Work item | After locating the line that contains "k (walk (Suc" in the data below, set down exactly that line and each one after it through the line that contains "then obtain i", and nothing more.

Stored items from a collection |
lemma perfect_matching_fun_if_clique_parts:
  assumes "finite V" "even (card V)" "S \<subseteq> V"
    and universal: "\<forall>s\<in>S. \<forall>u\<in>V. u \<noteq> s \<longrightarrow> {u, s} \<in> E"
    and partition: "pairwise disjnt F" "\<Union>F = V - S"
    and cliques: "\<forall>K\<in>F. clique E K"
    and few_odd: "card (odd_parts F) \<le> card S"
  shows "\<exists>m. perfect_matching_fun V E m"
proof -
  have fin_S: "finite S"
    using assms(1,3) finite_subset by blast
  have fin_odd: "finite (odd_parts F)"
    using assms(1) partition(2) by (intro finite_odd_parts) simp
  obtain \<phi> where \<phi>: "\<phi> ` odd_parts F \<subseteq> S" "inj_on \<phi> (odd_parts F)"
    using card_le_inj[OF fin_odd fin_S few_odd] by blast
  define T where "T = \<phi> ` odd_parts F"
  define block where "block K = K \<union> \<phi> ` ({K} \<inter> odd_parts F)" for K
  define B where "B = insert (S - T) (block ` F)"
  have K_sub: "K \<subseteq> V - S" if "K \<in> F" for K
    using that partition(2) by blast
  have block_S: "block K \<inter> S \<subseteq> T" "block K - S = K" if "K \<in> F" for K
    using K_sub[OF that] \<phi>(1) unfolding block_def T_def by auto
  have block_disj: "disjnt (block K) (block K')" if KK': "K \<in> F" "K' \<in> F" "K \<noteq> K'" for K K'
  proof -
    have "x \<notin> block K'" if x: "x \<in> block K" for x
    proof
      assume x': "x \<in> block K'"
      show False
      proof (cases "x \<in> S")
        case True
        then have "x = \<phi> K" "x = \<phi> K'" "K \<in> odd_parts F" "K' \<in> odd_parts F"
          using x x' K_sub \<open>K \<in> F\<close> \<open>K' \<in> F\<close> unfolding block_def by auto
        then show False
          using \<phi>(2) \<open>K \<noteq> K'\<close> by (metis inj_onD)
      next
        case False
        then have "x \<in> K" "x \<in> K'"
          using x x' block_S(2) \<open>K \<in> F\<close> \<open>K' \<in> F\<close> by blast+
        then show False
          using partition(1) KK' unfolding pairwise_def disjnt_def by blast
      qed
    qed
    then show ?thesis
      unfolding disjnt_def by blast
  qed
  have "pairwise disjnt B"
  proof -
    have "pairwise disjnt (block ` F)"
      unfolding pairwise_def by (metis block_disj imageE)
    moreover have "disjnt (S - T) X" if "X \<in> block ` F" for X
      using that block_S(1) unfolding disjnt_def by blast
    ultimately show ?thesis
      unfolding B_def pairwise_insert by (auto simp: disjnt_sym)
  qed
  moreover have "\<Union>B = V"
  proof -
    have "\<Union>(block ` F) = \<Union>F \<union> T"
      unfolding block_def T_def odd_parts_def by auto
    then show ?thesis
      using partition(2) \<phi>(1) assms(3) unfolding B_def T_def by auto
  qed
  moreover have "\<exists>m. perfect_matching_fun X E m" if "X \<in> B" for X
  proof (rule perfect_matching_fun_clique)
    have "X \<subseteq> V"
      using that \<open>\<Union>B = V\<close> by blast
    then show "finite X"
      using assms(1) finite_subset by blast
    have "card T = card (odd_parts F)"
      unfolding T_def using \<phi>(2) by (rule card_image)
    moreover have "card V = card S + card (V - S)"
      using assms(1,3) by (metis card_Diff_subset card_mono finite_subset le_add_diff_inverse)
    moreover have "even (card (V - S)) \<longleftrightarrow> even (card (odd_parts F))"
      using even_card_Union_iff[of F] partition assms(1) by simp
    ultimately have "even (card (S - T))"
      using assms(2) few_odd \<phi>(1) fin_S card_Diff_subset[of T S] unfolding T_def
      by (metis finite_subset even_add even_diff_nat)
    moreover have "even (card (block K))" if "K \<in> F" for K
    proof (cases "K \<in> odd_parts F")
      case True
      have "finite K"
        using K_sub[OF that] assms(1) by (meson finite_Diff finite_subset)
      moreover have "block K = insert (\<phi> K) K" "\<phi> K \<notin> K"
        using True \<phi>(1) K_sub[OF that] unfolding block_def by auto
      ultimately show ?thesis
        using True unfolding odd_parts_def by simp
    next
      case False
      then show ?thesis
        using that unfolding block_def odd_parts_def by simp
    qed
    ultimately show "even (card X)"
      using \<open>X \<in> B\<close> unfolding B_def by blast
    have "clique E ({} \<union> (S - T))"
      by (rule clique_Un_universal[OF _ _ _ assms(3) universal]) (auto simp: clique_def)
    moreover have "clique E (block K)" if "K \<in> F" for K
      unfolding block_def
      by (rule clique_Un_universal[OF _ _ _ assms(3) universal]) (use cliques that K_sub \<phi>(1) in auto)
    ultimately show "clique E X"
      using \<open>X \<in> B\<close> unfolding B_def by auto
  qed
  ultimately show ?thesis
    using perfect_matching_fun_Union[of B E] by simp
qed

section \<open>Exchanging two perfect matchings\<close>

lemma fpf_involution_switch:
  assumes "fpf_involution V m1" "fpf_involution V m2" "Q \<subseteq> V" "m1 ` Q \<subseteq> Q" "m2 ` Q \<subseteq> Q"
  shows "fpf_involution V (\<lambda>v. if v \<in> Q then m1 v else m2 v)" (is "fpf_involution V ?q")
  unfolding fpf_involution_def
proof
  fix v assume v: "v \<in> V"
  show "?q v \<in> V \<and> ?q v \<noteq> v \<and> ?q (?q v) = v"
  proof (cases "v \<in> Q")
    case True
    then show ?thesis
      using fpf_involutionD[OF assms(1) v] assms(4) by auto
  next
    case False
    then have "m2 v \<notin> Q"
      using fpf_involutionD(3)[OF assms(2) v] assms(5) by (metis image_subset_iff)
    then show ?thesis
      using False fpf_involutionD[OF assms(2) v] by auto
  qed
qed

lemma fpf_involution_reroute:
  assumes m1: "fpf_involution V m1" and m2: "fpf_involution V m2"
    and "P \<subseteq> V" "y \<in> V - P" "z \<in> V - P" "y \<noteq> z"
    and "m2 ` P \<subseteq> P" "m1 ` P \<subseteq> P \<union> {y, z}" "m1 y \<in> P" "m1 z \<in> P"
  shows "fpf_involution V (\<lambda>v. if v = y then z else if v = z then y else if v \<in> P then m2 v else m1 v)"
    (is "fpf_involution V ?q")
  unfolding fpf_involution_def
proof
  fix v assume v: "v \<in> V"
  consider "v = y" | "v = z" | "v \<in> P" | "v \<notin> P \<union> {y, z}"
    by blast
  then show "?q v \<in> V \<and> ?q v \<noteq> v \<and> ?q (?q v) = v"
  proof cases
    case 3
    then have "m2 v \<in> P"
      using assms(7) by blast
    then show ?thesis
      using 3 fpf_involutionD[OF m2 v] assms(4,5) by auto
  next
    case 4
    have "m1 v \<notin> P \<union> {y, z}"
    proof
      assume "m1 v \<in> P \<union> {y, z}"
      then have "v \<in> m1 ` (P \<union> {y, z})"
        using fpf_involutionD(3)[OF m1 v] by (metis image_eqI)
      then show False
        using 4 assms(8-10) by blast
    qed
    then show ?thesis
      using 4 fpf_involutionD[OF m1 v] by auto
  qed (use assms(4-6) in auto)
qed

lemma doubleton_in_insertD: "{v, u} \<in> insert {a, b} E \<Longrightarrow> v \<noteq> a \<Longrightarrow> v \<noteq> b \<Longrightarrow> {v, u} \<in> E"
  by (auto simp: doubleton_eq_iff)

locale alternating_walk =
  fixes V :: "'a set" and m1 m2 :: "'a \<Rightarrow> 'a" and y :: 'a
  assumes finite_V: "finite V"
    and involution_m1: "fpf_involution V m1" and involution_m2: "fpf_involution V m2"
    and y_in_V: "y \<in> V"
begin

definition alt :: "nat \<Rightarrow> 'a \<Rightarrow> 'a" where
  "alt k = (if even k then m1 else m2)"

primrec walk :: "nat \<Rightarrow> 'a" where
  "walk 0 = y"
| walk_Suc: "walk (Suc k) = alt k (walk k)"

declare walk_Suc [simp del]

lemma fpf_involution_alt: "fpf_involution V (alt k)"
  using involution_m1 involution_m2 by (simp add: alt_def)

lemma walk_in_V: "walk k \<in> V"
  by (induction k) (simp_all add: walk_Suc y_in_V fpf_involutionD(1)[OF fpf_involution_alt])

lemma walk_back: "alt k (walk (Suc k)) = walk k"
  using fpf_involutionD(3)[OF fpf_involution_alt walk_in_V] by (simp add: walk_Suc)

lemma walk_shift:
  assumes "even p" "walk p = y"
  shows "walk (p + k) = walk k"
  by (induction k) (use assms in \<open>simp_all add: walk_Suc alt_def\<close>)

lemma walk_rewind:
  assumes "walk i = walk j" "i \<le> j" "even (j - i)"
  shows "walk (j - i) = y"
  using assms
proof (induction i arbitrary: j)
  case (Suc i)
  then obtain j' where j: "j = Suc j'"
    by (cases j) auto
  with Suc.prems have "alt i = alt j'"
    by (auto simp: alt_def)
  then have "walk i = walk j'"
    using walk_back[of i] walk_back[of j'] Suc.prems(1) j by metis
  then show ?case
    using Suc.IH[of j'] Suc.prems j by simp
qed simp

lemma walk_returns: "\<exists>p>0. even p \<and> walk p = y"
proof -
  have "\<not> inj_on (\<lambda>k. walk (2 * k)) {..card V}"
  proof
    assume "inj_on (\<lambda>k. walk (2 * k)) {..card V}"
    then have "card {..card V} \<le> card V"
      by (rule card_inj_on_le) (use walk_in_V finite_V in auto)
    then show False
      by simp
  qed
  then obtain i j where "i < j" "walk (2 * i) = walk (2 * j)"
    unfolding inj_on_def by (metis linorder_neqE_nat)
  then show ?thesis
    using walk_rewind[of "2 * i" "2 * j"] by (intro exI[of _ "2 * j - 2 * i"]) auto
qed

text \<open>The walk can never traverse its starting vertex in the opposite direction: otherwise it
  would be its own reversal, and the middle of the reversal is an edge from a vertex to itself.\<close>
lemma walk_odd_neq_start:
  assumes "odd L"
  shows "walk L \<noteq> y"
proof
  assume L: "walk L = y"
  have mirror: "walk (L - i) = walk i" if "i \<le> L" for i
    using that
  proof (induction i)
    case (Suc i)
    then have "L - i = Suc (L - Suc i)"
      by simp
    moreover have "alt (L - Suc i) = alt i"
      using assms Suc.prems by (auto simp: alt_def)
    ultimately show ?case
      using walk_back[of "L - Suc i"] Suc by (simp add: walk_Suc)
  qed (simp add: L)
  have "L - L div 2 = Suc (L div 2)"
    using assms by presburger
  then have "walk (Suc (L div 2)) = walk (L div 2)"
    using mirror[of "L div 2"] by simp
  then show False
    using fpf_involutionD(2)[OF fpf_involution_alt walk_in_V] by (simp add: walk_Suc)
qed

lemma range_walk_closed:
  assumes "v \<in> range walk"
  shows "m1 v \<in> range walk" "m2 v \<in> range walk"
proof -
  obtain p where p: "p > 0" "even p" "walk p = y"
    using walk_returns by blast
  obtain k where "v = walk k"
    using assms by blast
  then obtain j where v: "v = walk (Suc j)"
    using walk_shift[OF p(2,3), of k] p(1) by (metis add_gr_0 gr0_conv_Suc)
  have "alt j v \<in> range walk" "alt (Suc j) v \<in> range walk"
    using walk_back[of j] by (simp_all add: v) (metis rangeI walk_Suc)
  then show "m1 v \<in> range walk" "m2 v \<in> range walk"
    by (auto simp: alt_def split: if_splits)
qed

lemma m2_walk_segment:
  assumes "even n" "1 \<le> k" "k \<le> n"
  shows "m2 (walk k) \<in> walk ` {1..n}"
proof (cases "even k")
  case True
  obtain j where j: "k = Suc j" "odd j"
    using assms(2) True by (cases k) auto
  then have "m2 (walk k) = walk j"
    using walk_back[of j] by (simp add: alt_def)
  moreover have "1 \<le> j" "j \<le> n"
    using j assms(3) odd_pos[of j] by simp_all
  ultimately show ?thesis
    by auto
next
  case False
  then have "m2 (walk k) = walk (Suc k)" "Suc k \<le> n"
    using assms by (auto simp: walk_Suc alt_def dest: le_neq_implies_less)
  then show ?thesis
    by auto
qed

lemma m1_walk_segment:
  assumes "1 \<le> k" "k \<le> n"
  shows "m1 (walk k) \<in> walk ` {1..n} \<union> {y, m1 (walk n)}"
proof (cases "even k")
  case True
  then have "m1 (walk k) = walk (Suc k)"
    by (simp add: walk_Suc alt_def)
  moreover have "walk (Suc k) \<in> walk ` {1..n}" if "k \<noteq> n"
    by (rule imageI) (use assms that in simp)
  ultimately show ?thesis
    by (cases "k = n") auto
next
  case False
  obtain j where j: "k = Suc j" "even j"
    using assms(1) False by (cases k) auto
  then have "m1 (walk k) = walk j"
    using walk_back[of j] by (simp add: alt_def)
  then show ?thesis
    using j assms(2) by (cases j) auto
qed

Written reply |
lemma walk_back: "alt k (walk (Suc k)) = walk k"
  using fpf_involutionD(3)[OF fpf_involution_alt walk_in_V] by (simp add: walk_Suc)

lemma walk_shift:
  assumes "even p" "walk p = y"
  shows "walk (p + k) = walk k"
  by (induction k) (use assms in \<open>simp_all add: walk_Suc alt_def\<close>)

lemma walk_rewind:
  assumes "walk i = walk j" "i \<le> j" "even (j - i)"
  shows "walk (j - i) = y"
  using assms
proof (induction i arbitrary: j)
  case (Suc i)
  then obtain j' where j: "j = Suc j'"
    by (cases j) auto
  with Suc.prems have "alt i = alt j'"
    by (auto simp: alt_def)
  then have "walk i = walk j'"
    using walk_back[of i] walk_back[of j'] Suc.prems(1) j by metis
  then show ?case
    using Suc.IH[of j'] Suc.prems j by simp
qed simp

lemma walk_returns: "\<exists>p>0. even p \<and> walk p = y"
proof -
  have "\<not> inj_on (\<lambda>k. walk (2 * k)) {..card V}"
  proof
    assume "inj_on (\<lambda>k. walk (2 * k)) {..card V}"
    then have "card {..card V} \<le> card V"
      by (rule card_inj_on_le) (use walk_in_V finite_V in auto)
    then show False
      by simp
  qed
  then obtain i j where "i < j" "walk (2 * i) = walk (2 * j)"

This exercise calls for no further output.